Our Tongues

3 September 2006: 22nd Sunday in Ordinary Time
Mark 7, 14-23: Our Tongues

In the Gospel, the disciples are accused of not washing before dinner, as the purity laws require. Jesus replies that it is not what people eat that defiles them; it is their inner heart, issuing in outside behavior, that matters. What does this mean? He means that only persons can really be defiled; and what defiles a person is his own actions, which are the products of his own heart. Jesus says that every outward act of sin, for example, is preceded by an inward act of choice; therefore, Jesus begins with the evil thought from which the evil action comes. Jesus adds that uncleanness has to do with what comes out of our heart and it is manifested by our lips, our tongues, or what we say.

Thus, Jesus quotes Isaiah about empty, pretentious worship --- they use their lips but their hearts are far from God. There is a story about Xanthus, the philosopher. He once told his servant that he will have some friends for dinner the next day, and that he should get the best thing he could find in the market.

The philosopher and his guest sat down the next day at the table. They had nothing but the tongue --- four or five courses of tongue --- tongue cooked in this way, and tongue cooked in that way. The philosopher finally lost his patience and said to his servant, “Didn’t I tell you to get the best thing in the market?” The servant said, “I did get the best thing in the market. Isn’t the tongue the organ of sociability, the organ of eloquence, the organ of kindness, the organ of worship?”

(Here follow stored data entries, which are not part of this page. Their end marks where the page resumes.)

theorem mainTheorem9:
  fixes f :: "real^'n \<Rightarrow> ereal"
    and g h :: "real^'n \<Rightarrow> real"
    and gradg gradh :: "real^'n \<Rightarrow> real^'n"
    and L al au :: real
    and \<alpha> :: "nat \<Rightarrow> real"
    and x :: "nat \<Rightarrow> real^'n"
  assumes proper: "proper_fun f" and lsc: "lsc_fun f"
    and A1: "loc_lipschitz_on (edom f \<inter> Omg g) (\<lambda>u. real_of_ereal (f u))"
    and A2_deriv: "\<And>u. (g has_derivative (\<lambda>v. gradg u \<bullet> v)) (at u)"
    and A2_lip: "loc_lipschitz_on UNIV gradg"
    and A2_pos: "\<And>u. u \<in> Omg g \<inter> edom f \<Longrightarrow> g u > 0"
    and A3_deriv: "\<And>u. (h has_derivative (\<lambda>v. gradh u \<bullet> v)) (at u)"
    and A3_lip: "\<And>u v. norm (gradh u - gradh v) \<le> L * dist u v"
    and L_pos: "L > 0"
    and A4_nonneg: "\<And>u. u \<in> edom f \<Longrightarrow> f u + ereal (h u) \<ge> 0"
    and A4_ne: "Omg g \<inter> edom f \<noteq> {}"
    and A5: "\<And>z \<gamma>. \<gamma> \<ge> 0 \<Longrightarrow> prox (\<lambda>u. f u - ereal (\<gamma> * g u)) z \<noteq> {}"
    and A6_lsc: "lsc_fun (Fobj f g h)"
    and A6_lb: "level_bounded (Fobj f g h)"
    and x0: "x 0 \<in> Omg g \<inter> edom f"
    and al_pos: "0 < al" and al_le: "\<And>k. al \<le> \<alpha> k" and au_ge: "\<And>k. \<alpha> k \<le> au"
    and au_lt: "au < 1 / L"
    and step: "\<And>k. x (Suc k) \<in> prox
       (\<lambda>u. ereal (\<alpha> k) * (f u - ereal (real_of_ereal (Fobj f g h (x k)) * g u)))
       (x k - \<alpha> k *\<^sub>R gradh (x k))"
  shows "(\<forall>k. x k \<in> edom (Fobj f g h))
    \<and> (\<forall>k. Fobj f g h (x (Suc k))
            + ereal ((1 / \<alpha> k - L) / (2 * g (x (Suc k))) * (norm (x (Suc k) - x k))^2)
          \<le> Fobj f g h (x k))
    \<and> (\<exists>C::real. C \<ge> 0 \<and> (\<lambda>k. real_of_ereal (Fobj f g h (x k))) \<longlonglongrightarrow> C
                      \<and> (\<lambda>k. Fobj f g h (x k)) \<longlonglongrightarrow> ereal C)
    \<and> (\<lambda>k. (1 / \<alpha> k - L) / g (x (Suc k)) * (norm (x (Suc k) - x k))^2) \<longlonglongrightarrow> 0"
proof -
  let ?F = "Fobj f g h"
  define r where "r k = real_of_ereal (?F (x k))" for k
  define t where "t k = (1 / \<alpha> k - L) / (2 * g (x (Suc k))) * (norm (x (Suc k) - x k))\<^sup>2" for k
  have step_decrease: "x (Suc k) \<in> Omg g \<inter> edom f" "?F (x (Suc k)) + ereal (t k) \<le> ?F (x k)" "0 \<le> t k"
    if "x k \<in> Omg g \<inter> edom f" for k
    using parametrized_step_decrease[where f = f and g = g and h = h, OF proper A3_deriv A3_lip
        A2_pos A4_nonneg that step_size_bounds[OF al_pos al_le au_ge au_lt L_pos] step]
    unfolding t_def by simp_all
  have dom: "x k \<in> Omg g \<inter> edom f" for k
    by (induction k) (use x0 step_decrease(1) in auto)
  have F_finite: "?F (x k) = ereal (r k)" for k
    using dom[of k] by (simp add: r_def Fobj_eq)
  have r_decrease: "r (Suc k) + t k \<le> r k" for k
    using step_decrease(2)[OF dom] by (simp add: F_finite)
  have r_nonneg: "0 \<le> r k" for k
    unfolding r_def by (rule Fobj_nonneg[OF proper A2_pos A4_nonneg dom])
  obtain C where C: "0 \<le> C" "r \<longlonglongrightarrow> C" "t \<longlonglongrightarrow> 0"
    by (rule sufficient_decrease_limits[of r t, OF r_decrease r_nonneg step_decrease(3)[OF dom]])
  have "(\<lambda>k. (1 / \<alpha> k - L) / g (x (Suc k)) * (norm (x (Suc k) - x k))\<^sup>2) \<longlonglongrightarrow> 0"
    using tendsto_mult_right_zero[OF C(3), of 2] by (simp add: t_def mult.assoc)
  moreover have "\<forall>k. x k \<in> edom ?F"
    using F_finite by (simp add: edom_def)
  moreover have "(\<lambda>k. real_of_ereal (?F (x k))) \<longlonglongrightarrow> C" "(\<lambda>k. ?F (x k)) \<longlonglongrightarrow> ereal C"
    using C(2) by (simp_all add: F_finite tendsto_ereal)
  ultimately show ?thesis
    using C(1) step_decrease(2)[OF dom] unfolding t_def by blast
qed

Then Xanthus, the philosopher, said, “Tomorrow, I want you to get the worse thing in the market.” The next day, Xanthus and his friends sat at table, and there was nothing but tongue --- four or five courses of tongue --- tongue in this shape and tongue in that shape. The philosopher lost his patience again and said, “Didn’t I tell you to get the worse thing in the market?” The servant replied, “I did; for isn’t the tongue the organ of blasphemy, the organ of defamation, the organ of lying?”

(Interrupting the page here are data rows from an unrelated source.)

lemma vnorm_matrix_inv_ge:
  fixes x y :: "real^'n::finite^'n"
  assumes "invertible x" "\<not> invertible y"
  shows "1 \<le> real (CARD('n) * CARD('n)) ^ 2 * vnorm k (matrix_inv x) * vnorm k (x - y)"
proof -
  define C where "C = real (CARD('n) * CARD('n))"
  have "1 \<le> onorm ((*v) (matrix_inv x)) * onorm ((*v) (x - y))"
    using assms by (rule onorm_matrix_inv_ge)
  also have "\<dots> \<le> (C * vnorm k (matrix_inv x)) * (C * vnorm k (x - y))"
    unfolding C_def by (intro mult_mono onorm_le_vnorm onorm_pos_le) (simp_all add: vnorm_nonneg)
  finally show ?thesis
    by (simp add: C_def power2_eq_square mult_ac)
qed

lemma matrix_inv_unbounded_near_corank_one:
  fixes y :: "real^'n::finite^'n"
  assumes rank: "rank y = CARD('n) - 1" and "e > 0"
  obtains x where "invertible x" "vnorm k (x - y) < e" "K < vnorm k (matrix_inv x)"
proof -
  define C where "C = real (CARD('n) * CARD('n)) ^ 2"
  have "C > 0" by (simp add: C_def)
  obtain B where B: "\<And>t. t \<noteq> 0 \<Longrightarrow> invertible (y + t *\<^sub>R B)"
    using corank_one_perturbation_invertible [OF rank] by blast
  define d where "d = min e (1 / (C * (\<bar>K\<bar> + 1)))"
  have "d > 0" using \<open>e > 0\<close> \<open>C > 0\<close> by (simp add: d_def)
  define t where "t = d / (vnorm L1 B + 1)"
  have "t > 0" using \<open>d > 0\<close> vnorm_nonneg [of L1 B] by (simp add: t_def)
  define x where "x = y + t *\<^sub>R B"
  have "vnorm k (x - y) \<le> t * vnorm L1 B"
    using vnorm_le_vnorm_L1 [of k "t *\<^sub>R B"] \<open>t > 0\<close> by (simp add: x_def vnorm_L1_scaleR)
  also have "\<dots> < d"
    using \<open>d > 0\<close> vnorm_nonneg [of L1 B] by (simp add: t_def field_simps)
  finally have close: "vnorm k (x - y) < d" .
  have inv: "invertible x" using B \<open>t > 0\<close> by (simp add: x_def)
  have sing: "\<not> invertible y"
    using rank by (intro not_invertible_if_rank_less) simp
  have "vnorm k (x - y) < 1 / (C * (\<bar>K\<bar> + 1))"
    using close by (simp add: d_def)
  then have "C * vnorm k (x - y) * (\<bar>K\<bar> + 1) < 1"
    using \<open>C > 0\<close> by (simp add: pos_less_divide_eq mult_ac)
  also have "1 \<le> C * vnorm k (x - y) * vnorm k (matrix_inv x)"
    using vnorm_matrix_inv_ge [OF inv sing] by (simp add: C_def mult_ac)
  finally have "\<bar>K\<bar> + 1 < vnorm k (matrix_inv x)"
    using \<open>C > 0\<close> vnorm_nonneg [of k "x - y"] by (auto dest: mult_left_less_imp_less)
  then show ?thesis
    using that inv close by (simp add: d_def)
qed

theorem theorem3p7:
  fixes M :: "(real^'n::finite^'n) set"
    and a :: "real^'n^'n" and c :: real
    and F :: "real^'n^'n \<Rightarrow> real^'n^'n"
    and L Lp Ls :: normkind
  assumes ball_sub: "{x. vnorm L (x - a) < c} \<subseteq> M"
    and rank_in_ball: "\<exists>y. vnorm L (y - a) < c \<and> \<not> invertible y \<and> rank y = CARD('n) - 1"
    and F_pl: "poly_lipschitz Lp Ls F"
  shows "\<forall>E>0. \<exists>x\<in>M. invertible x \<and> vnorm L (matrix_inv x - F x) > E"
proof (intro allI impI)
  fix E :: real assume "E > 0"
  obtain y where y: "vnorm L (y - a) < c" and rank: "rank y = CARD('n) - 1"
    using rank_in_ball by blast
  define C where "C = real (CARD('n) * CARD('n))"
  define \<delta> where "\<delta> = c - vnorm L (y - a)"
  obtain G where G: "\<And>x. vnorm Lp x \<le> C * (vnorm L y + \<delta>) \<Longrightarrow> vnorm Ls (F x) \<le> G"
    using poly_lipschitz_bounded [OF F_pl] by blast
  have "\<delta> > 0" using y by (simp add: \<delta>_def)
  then obtain x where inv: "invertible x" and close: "vnorm L (x - y) < \<delta>"
    and large: "E + C * G < vnorm L (matrix_inv x)"
    using matrix_inv_unbounded_near_corank_one [OF rank, where k = L and K = "E + C * G"] by blast
  have "vnorm L (x - a) < c"
    using vnorm_triangle [of L "x - y" "y - a"] close by (simp add: \<delta>_def)
  with ball_sub have "x \<in> M" by blast
  have "vnorm L x \<le> vnorm L y + \<delta>"
    using vnorm_triangle [of L "x - y" y] close by simp
  then have "vnorm Lp x \<le> C * (vnorm L y + \<delta>)"
    using vnorm_le_vnorm [of Lp x L] by (simp add: C_def order_trans mult_left_mono)
  then have "vnorm L (F x) \<le> C * G"
    using G vnorm_le_vnorm [of L "F x" Ls] by (simp add: C_def order_trans mult_left_mono)
  moreover have "vnorm L (matrix_inv x) \<le> vnorm L (matrix_inv x - F x) + vnorm L (F x)"
    using vnorm_triangle [of L "matrix_inv x - F x" "F x"] by simp
  ultimately show "\<exists>x\<in>M. invertible x \<and> vnorm L (matrix_inv x - F x) > E"
    using \<open>x \<in> M\<close> inv large by force
qed

end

I guess, today, we are asked to look at our hearts --- by way of the tongue. What we say, will tell us about what is in our hearts. The tongue, like all body organs, follows what proceeds from the center of our persons. Our tongue is the only tool that grows sharper with constant use. So just in case we find our tongues the source of other people’s hurt or even ours, or even if we find our tongues also the source of greatness and goodness, we can get advice from Johann von Goethe: At least once every day, one ought to hear a song; read a good poem, see a fine painting and if possible, speak a few reasonable words. By doing so, we also can practice our hearts.